Dataset entries
(* Let $\Pi$ be an infinite atomless L\'evy measure on $(0,\infty)$ with tail $\overline{\Pi}(x)=\Pi((x,\infty))$ and inverse $\overline{\Pi}^{\leftarrow}(y)=\inf\{x>0:\overline{\Pi}(x)\le y\}$. Suppose there are functions $a:(0,\infty)\to(0,\infty)$, $b:(0,\infty)\to\mathbb{R}$ and $\gamma\le0$ such that for all $y\in\mathbb{R}$, $$\lim_{r\to\infty}\frac{\overline{\Pi}^{\leftarrow}(r-y\sqrt r)-b(r)}{a(r)}=h^{\leftarrow}(y),$$ where $h^{\leftarrow}(y)=(1-e^{-\gamma y/2})/\gamma$ if $\gamma\ne0$ and $h^{\leftarrow}(y)=y/2$ if $\gamma=0$. Let $H^{\leftarrow}(x)=\tfrac14\log^2x$ for $x>1$ and $V(x)=\overline{\Pi}^{\leftarrow}(H^{\leftarrow}(x))$, $x>1$. Then: (i) if $\gamma<0$, $V(x)\sim a(H^{\leftarrow}(x))/|\gamma|$ as $x\to\infty$, and this function is regularly varying at $\infty$ with index $-|\gamma|/2$; (ii) if $\gamma=0$, $-V$ belongs to de Haan's class $\Pi$ with slowly varying auxiliary function $\tfrac12 a(H^{\leftarrow}(\cdot))$, i.e. $\lim_{s\to\infty}\frac{-V(sx)+V(s)}{\frac12a(H^{\leftarrow}(s))}=\log x$ for all $x>0$.
   Context: $H^{\leftarrow}$ is the inverse of $H(t)=e^{2\sqrt t}$. A measurable function $U$ is in de Haan's class $\Pi$ with auxiliary function $g>0$ if $(U(sx)-U(s))/g(s)\to\log x$ as $s\to\infty$ for all $x>0$. *)

theory Defs
  imports "HOL-Probability.Probability" "HOL-Library.Landau_Symbols"
begin

definition levy_measure_pos :: "real measure \<Rightarrow> bool" where
  "levy_measure_pos P \<longleftrightarrow> sets P = sets borel \<and> emeasure P {..0} = 0 \<and>
     (\<integral>\<^sup>+ x. ennreal (min 1 (x\<^sup>2)) \<partial>P) < \<infinity>"

definition infinite_measure_pos :: "real measure \<Rightarrow> bool" where
  "infinite_measure_pos P \<longleftrightarrow> emeasure P {0<..} = \<infinity>"

definition atomless :: "real measure \<Rightarrow> bool" where
  "atomless P \<longleftrightarrow> (\<forall>x. emeasure P {x} = 0)"

definition tail :: "real measure \<Rightarrow> real \<Rightarrow> real" where
  "tail P x = measure P {x<..}"

definition tail_inv :: "real measure \<Rightarrow> real \<Rightarrow> real" where
  "tail_inv P y = Inf {x. x > 0 \<and> tail P x \<le> y}"

definition h_inv :: "real \<Rightarrow> real \<Rightarrow> real" where
  "h_inv \<gamma> y = (if \<gamma> \<noteq> 0 then (1 - exp (- \<gamma> * y / 2)) / \<gamma> else y / 2)"

definition H_inv :: "real \<Rightarrow> real" where
  "H_inv x = (ln x)\<^sup>2 / 4"

definition regularly_varying :: "(real \<Rightarrow> real) \<Rightarrow> real \<Rightarrow> bool" where
  "regularly_varying f \<rho> \<longleftrightarrow> eventually (\<lambda>x. f x > 0) at_top \<and>
     (\<forall>l>0. ((\<lambda>x. f (l * x) / f x) \<longlongrightarrow> l powr \<rho>) at_top)"

definition slowly_varying :: "(real \<Rightarrow> real) \<Rightarrow> bool" where
  "slowly_varying f \<longleftrightarrow> regularly_varying f 0"

definition deHaan_Pi :: "(real \<Rightarrow> real) \<Rightarrow> (real \<Rightarrow> real) \<Rightarrow> bool" where
  "deHaan_Pi U g \<longleftrightarrow> eventually (\<lambda>s. g s > 0) at_top \<and>
     (\<forall>x>0. ((\<lambda>s. (U (s * x) - U s) / g s) \<longlongrightarrow> ln x) at_top)"

end

(*
  Write T for the inverse tail and r = H_inv x. Since H_inv (l x) = r + ln l sqrt r + (ln l)^2/4,
  multiplying x by l corresponds to y = -ln l in the hypothesis
  T (r - y sqrt r) = b r + a r h(y) + o(a r); the extra constant (ln l)^2/4 is absorbed by the
  monotonicity of T and the continuity of h. Measuring one increment of T once on the scale a r
  and once on the scale a (r - y sqrt r) gives a (r - y sqrt r) / a r -> exp (-g y / 2), the
  regular variation of a o H_inv with index g/2; for g = 0 the increments of T o H_inv themselves
  give de Haan's class Pi.
  For g < 0 the centring c = b + a/g has increments o(a) along r |-> r + sqrt r, while a decreases
  geometrically along the orbits of that map; telescoping along an orbit, where T and a tend to 0,
  shows c = o(a), which is T ~ a/|g|.
*)
theory Submission
  imports Defs "HOL-Real_Asymp.Real_Asymp"
begin

lemma h_inv_zero [simp]: "h_inv g 0 = 0"
  by (simp add: h_inv_def)

lemma h_inv_one_nonzero: "h_inv g 1 \<noteq> 0"
  by (simp add: h_inv_def)

lemma h_inv_add: "h_inv g (y + z) = h_inv g y + exp (- g * y / 2) * h_inv g z"
proof (cases "g = 0")
  case False
  have "exp (- g * (y + z) / 2) = exp (- g * y / 2) * exp (- g * z / 2)"
    by (simp add: exp_add [symmetric] field_simps)
  with False show ?thesis by (simp add: h_inv_def field_simps)
qed (simp add: h_inv_def)

lemma isCont_h_inv: "isCont (h_inv g) y"
  by (cases "g = 0")
    (simp_all add: h_inv_def [abs_def] continuous_mult continuous_diff continuous_divide)

lemma orbit_tendsto_at_top:
  fixes \<sigma> :: "real \<Rightarrow> real"
  assumes step: "\<And>x. x \<ge> R \<Longrightarrow> x + 1 \<le> \<sigma> x" and r: "r \<ge> R"
  shows "r + real n \<le> (\<sigma> ^^ n) r"
    and "filterlim (\<lambda>n. (\<sigma> ^^ n) r) at_top sequentially"
proof -
  show ge: "r + real n \<le> (\<sigma> ^^ n) r" for n
  proof (induction n)
    case (Suc n)
    then show ?case using step[of "(\<sigma> ^^ n) r"] r by simp
  qed simp
  show "filterlim (\<lambda>n. (\<sigma> ^^ n) r) at_top sequentially"
  proof (rule filterlim_at_top_mono)
    show "filterlim (\<lambda>n. r + real n) at_top sequentially" by real_asymp
  qed (use ge in simp)
qed

lemma orbit_geometric_decay:
  fixes \<sigma> a c :: "real \<Rightarrow> real"
  assumes q: "q < 1"
    and step: "\<And>x. x \<ge> R \<Longrightarrow>
      x + 1 \<le> \<sigma> x \<and> 0 < a x \<and> a (\<sigma> x) \<le> q * a x \<and> \<bar>c (\<sigma> x) - c x\<bar> \<le> e * a x"
    and r: "r \<ge> R"
  shows "(\<lambda>n. a ((\<sigma> ^^ n) r)) \<longlonglongrightarrow> 0"
    and "\<bar>c ((\<sigma> ^^ n) r) - c r\<bar> \<le> e / (1 - q) * a r"
proof -
  define u where "u n = (\<sigma> ^^ n) r" for n
  have "\<And>x. x \<ge> R \<Longrightarrow> x + 1 \<le> \<sigma> x" using step by blast
  from orbit_tendsto_at_top(1)[OF this r] r
  have u_step: "u (Suc n) = \<sigma> (u n)" "u n \<ge> R" for n
    unfolding u_def by (simp, smt (verit) of_nat_0_le_iff)
  have ar: "0 < a r" and a\<sigma>r: "0 < a (\<sigma> r)"
    using step[of r] step[of "\<sigma> r"] r by auto
  have q0: "0 < q"
    using step[OF r] ar a\<sigma>r by (metis order.strict_trans2 zero_less_mult_pos2)
  have e0: "0 \<le> e"
    using step[OF r] ar by (metis abs_ge_zero order_trans zero_le_mult_iff not_le)
  have a_u: "a (u n) \<le> q ^ n * a r" for n
  proof (induction n)
    case (Suc n)
    have "a (u (Suc n)) \<le> q * a (u n)" using step[OF u_step(2)] by (simp add: u_step(1))
    also have "\<dots> \<le> q * (q ^ n * a r)" using Suc q0 by (simp add: mult_left_mono)
    finally show ?case by simp
  qed (simp add: u_def)
  have c_u: "\<bar>c (u n) - c r\<bar> \<le> e * a r * (1 - q ^ n) / (1 - q)" for n
  proof (induction n)
    case (Suc n)
    have "\<bar>c (u (Suc n)) - c r\<bar> \<le> \<bar>c (u (Suc n)) - c (u n)\<bar> + \<bar>c (u n) - c r\<bar>" by simp
    also have "\<bar>c (u (Suc n)) - c (u n)\<bar> \<le> e * (q ^ n * a r)"
      using step[OF u_step(2)] a_u[of n] e0 by (simp add: u_step(1)) (meson mult_left_mono order_trans)
    also have "e * (q ^ n * a r) + \<bar>c (u n) - c r\<bar> \<le> e * a r * (1 - q ^ Suc n) / (1 - q)"
      using Suc q by (simp add: field_simps)
    finally show ?case by simp
  qed (simp add: u_def)
  show "(\<lambda>n. a ((\<sigma> ^^ n) r)) \<longlonglongrightarrow> 0"
  proof (rule tendsto_sandwich [where f = "\<lambda>n. 0" and h = "\<lambda>n. q ^ n * a r"])
    show "(\<lambda>n. q ^ n * a r) \<longlonglongrightarrow> 0"
      using q q0 by (intro tendsto_mult_left_zero LIMSEQ_power_zero) simp
  qed (use a_u step u_step(2) in \<open>auto simp: u_def less_imp_le\<close>)
  have "e * a r * (1 - q ^ n) / (1 - q) \<le> e / (1 - q) * a r"
    using q q0 e0 ar by (simp add: field_simps mult_left_mono)
  then show "\<bar>c ((\<sigma> ^^ n) r) - c r\<bar> \<le> e / (1 - q) * a r"
    using c_u[of n] by (simp add: u_def)
qed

> **Try it**
Check each line above for the word "once" and say how many have it, with nothing else.

> **Reply to the task**
2